§ **Task to complete**
Exactly as written, output each record given below.

§ **Dataset excerpts**
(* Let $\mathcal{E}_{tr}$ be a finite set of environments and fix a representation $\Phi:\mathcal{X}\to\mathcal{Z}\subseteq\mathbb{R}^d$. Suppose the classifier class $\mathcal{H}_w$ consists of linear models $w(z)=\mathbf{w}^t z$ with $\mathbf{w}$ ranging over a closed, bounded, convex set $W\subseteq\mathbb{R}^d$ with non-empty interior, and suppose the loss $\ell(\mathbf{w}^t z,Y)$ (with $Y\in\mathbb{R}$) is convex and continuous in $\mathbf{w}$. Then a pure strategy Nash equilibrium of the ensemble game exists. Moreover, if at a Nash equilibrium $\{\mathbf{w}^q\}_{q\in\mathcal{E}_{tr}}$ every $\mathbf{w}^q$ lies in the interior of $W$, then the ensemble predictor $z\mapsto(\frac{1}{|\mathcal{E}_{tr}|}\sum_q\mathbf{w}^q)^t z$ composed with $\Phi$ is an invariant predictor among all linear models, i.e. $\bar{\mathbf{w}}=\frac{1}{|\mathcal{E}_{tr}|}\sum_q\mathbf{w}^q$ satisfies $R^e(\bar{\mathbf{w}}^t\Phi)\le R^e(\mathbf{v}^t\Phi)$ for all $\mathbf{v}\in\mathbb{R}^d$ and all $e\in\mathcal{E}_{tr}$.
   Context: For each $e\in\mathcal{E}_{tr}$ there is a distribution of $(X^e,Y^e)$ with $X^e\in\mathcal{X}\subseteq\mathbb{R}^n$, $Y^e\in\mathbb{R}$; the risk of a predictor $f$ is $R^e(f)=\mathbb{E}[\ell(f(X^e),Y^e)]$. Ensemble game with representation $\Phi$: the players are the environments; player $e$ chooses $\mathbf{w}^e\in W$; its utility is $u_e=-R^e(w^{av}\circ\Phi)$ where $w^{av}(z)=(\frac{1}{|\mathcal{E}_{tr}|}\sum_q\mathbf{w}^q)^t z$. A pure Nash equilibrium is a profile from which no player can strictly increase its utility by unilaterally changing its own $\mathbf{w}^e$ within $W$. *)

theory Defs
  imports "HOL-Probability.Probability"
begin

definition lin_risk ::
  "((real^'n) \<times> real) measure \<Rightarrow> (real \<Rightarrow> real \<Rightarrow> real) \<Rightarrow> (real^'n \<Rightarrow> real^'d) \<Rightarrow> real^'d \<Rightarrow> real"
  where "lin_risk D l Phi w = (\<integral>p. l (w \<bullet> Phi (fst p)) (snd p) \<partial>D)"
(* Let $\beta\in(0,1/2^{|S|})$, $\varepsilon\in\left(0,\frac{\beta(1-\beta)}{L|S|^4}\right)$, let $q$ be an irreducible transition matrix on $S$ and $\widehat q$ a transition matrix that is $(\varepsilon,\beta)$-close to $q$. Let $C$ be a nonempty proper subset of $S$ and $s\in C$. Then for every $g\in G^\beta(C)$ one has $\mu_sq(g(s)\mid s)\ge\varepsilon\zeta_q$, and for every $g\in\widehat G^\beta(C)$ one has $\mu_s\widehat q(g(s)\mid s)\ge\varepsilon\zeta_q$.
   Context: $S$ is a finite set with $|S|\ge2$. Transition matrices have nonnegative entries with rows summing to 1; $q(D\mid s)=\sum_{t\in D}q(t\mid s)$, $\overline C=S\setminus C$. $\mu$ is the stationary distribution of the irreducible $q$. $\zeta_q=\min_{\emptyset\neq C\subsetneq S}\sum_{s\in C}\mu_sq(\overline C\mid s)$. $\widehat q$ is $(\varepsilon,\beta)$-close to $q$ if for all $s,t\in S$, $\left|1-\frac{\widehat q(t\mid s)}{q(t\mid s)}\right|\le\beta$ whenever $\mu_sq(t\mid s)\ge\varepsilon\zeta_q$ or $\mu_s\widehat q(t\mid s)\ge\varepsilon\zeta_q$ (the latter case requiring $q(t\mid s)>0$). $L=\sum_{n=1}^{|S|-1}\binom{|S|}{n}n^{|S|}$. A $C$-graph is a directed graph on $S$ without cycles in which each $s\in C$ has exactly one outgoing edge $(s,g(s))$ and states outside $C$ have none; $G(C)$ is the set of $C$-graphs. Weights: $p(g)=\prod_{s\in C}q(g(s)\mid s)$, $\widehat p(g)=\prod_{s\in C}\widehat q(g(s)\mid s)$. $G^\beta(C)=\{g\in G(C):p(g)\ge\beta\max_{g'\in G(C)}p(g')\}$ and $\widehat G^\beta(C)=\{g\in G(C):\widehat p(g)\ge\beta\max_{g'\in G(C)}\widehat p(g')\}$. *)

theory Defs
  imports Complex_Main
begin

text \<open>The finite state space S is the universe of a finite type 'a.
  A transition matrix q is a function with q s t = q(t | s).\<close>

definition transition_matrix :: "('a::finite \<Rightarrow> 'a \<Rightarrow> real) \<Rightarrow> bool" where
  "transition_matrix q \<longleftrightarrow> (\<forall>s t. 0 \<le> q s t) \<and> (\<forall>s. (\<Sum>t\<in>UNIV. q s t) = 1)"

§ **Exercise answer**
(* Let $\mathcal{E}_{tr}$ be a finite set of environments and fix a representation $\Phi:\mathcal{X}\to\mathcal{Z}\subseteq\mathbb{R}^d$. Suppose the classifier class $\mathcal{H}_w$ consists of linear models $w(z)=\mathbf{w}^t z$ with $\mathbf{w}$ ranging over a closed, bounded, convex set $W\subseteq\mathbb{R}^d$ with non-empty interior, and suppose the loss $\ell(\mathbf{w}^t z,Y)$ (with $Y\in\mathbb{R}$) is convex and continuous in $\mathbf{w}$. Then a pure strategy Nash equilibrium of the ensemble game exists. Moreover, if at a Nash equilibrium $\{\mathbf{w}^q\}_{q\in\mathcal{E}_{tr}}$ every $\mathbf{w}^q$ lies in the interior of $W$, then the ensemble predictor $z\mapsto(\frac{1}{|\mathcal{E}_{tr}|}\sum_q\mathbf{w}^q)^t z$ composed with $\Phi$ is an invariant predictor among all linear models, i.e. $\bar{\mathbf{w}}=\frac{1}{|\mathcal{E}_{tr}|}\sum_q\mathbf{w}^q$ satisfies $R^e(\bar{\mathbf{w}}^t\Phi)\le R^e(\mathbf{v}^t\Phi)$ for all $\mathbf{v}\in\mathbb{R}^d$ and all $e\in\mathcal{E}_{tr}$.
   Context: For each $e\in\mathcal{E}_{tr}$ there is a distribution of $(X^e,Y^e)$ with $X^e\in\mathcal{X}\subseteq\mathbb{R}^n$, $Y^e\in\mathbb{R}$; the risk of a predictor $f$ is $R^e(f)=\mathbb{E}[\ell(f(X^e),Y^e)]$. Ensemble game with representation $\Phi$: the players are the environments; player $e$ chooses $\mathbf{w}^e\in W$; its utility is $u_e=-R^e(w^{av}\circ\Phi)$ where $w^{av}(z)=(\frac{1}{|\mathcal{E}_{tr}|}\sum_q\mathbf{w}^q)^t z$. A pure Nash equilibrium is a profile from which no player can strictly increase its utility by unilaterally changing its own $\mathbf{w}^e$ within $W$. *)

theory Defs
  imports "HOL-Probability.Probability"
begin

definition lin_risk ::
  "((real^'n) \<times> real) measure \<Rightarrow> (real \<Rightarrow> real \<Rightarrow> real) \<Rightarrow> (real^'n \<Rightarrow> real^'d) \<Rightarrow> real^'d \<Rightarrow> real"
  where "lin_risk D l Phi w = (\<integral>p. l (w \<bullet> Phi (fst p)) (snd p) \<partial>D)"
(* Let $\beta\in(0,1/2^{|S|})$, $\varepsilon\in\left(0,\frac{\beta(1-\beta)}{L|S|^4}\right)$, let $q$ be an irreducible transition matrix on $S$ and $\widehat q$ a transition matrix that is $(\varepsilon,\beta)$-close to $q$. Let $C$ be a nonempty proper subset of $S$ and $s\in C$. Then for every $g\in G^\beta(C)$ one has $\mu_sq(g(s)\mid s)\ge\varepsilon\zeta_q$, and for every $g\in\widehat G^\beta(C)$ one has $\mu_s\widehat q(g(s)\mid s)\ge\varepsilon\zeta_q$.
   Context: $S$ is a finite set with $|S|\ge2$. Transition matrices have nonnegative entries with rows summing to 1; $q(D\mid s)=\sum_{t\in D}q(t\mid s)$, $\overline C=S\setminus C$. $\mu$ is the stationary distribution of the irreducible $q$. $\zeta_q=\min_{\emptyset\neq C\subsetneq S}\sum_{s\in C}\mu_sq(\overline C\mid s)$. $\widehat q$ is $(\varepsilon,\beta)$-close to $q$ if for all $s,t\in S$, $\left|1-\frac{\widehat q(t\mid s)}{q(t\mid s)}\right|\le\beta$ whenever $\mu_sq(t\mid s)\ge\varepsilon\zeta_q$ or $\mu_s\widehat q(t\mid s)\ge\varepsilon\zeta_q$ (the latter case requiring $q(t\mid s)>0$). $L=\sum_{n=1}^{|S|-1}\binom{|S|}{n}n^{|S|}$. A $C$-graph is a directed graph on $S$ without cycles in which each $s\in C$ has exactly one outgoing edge $(s,g(s))$ and states outside $C$ have none; $G(C)$ is the set of $C$-graphs. Weights: $p(g)=\prod_{s\in C}q(g(s)\mid s)$, $\widehat p(g)=\prod_{s\in C}\widehat q(g(s)\mid s)$. $G^\beta(C)=\{g\in G(C):p(g)\ge\beta\max_{g'\in G(C)}p(g')\}$ and $\widehat G^\beta(C)=\{g\in G(C):\widehat p(g)\ge\beta\max_{g'\in G(C)}\widehat p(g')\}$. *)

theory Defs
  imports Complex_Main
begin

text \<open>The finite state space S is the universe of a finite type 'a.
  A transition matrix q is a function with q s t = q(t | s).\<close>

definition transition_matrix :: "('a::finite \<Rightarrow> 'a \<Rightarrow> real) \<Rightarrow> bool" where
  "transition_matrix q \<longleftrightarrow> (\<forall>s t. 0 \<le> q s t) \<and> (\<forall>s. (\<Sum>t\<in>UNIV. q s t) = 1)"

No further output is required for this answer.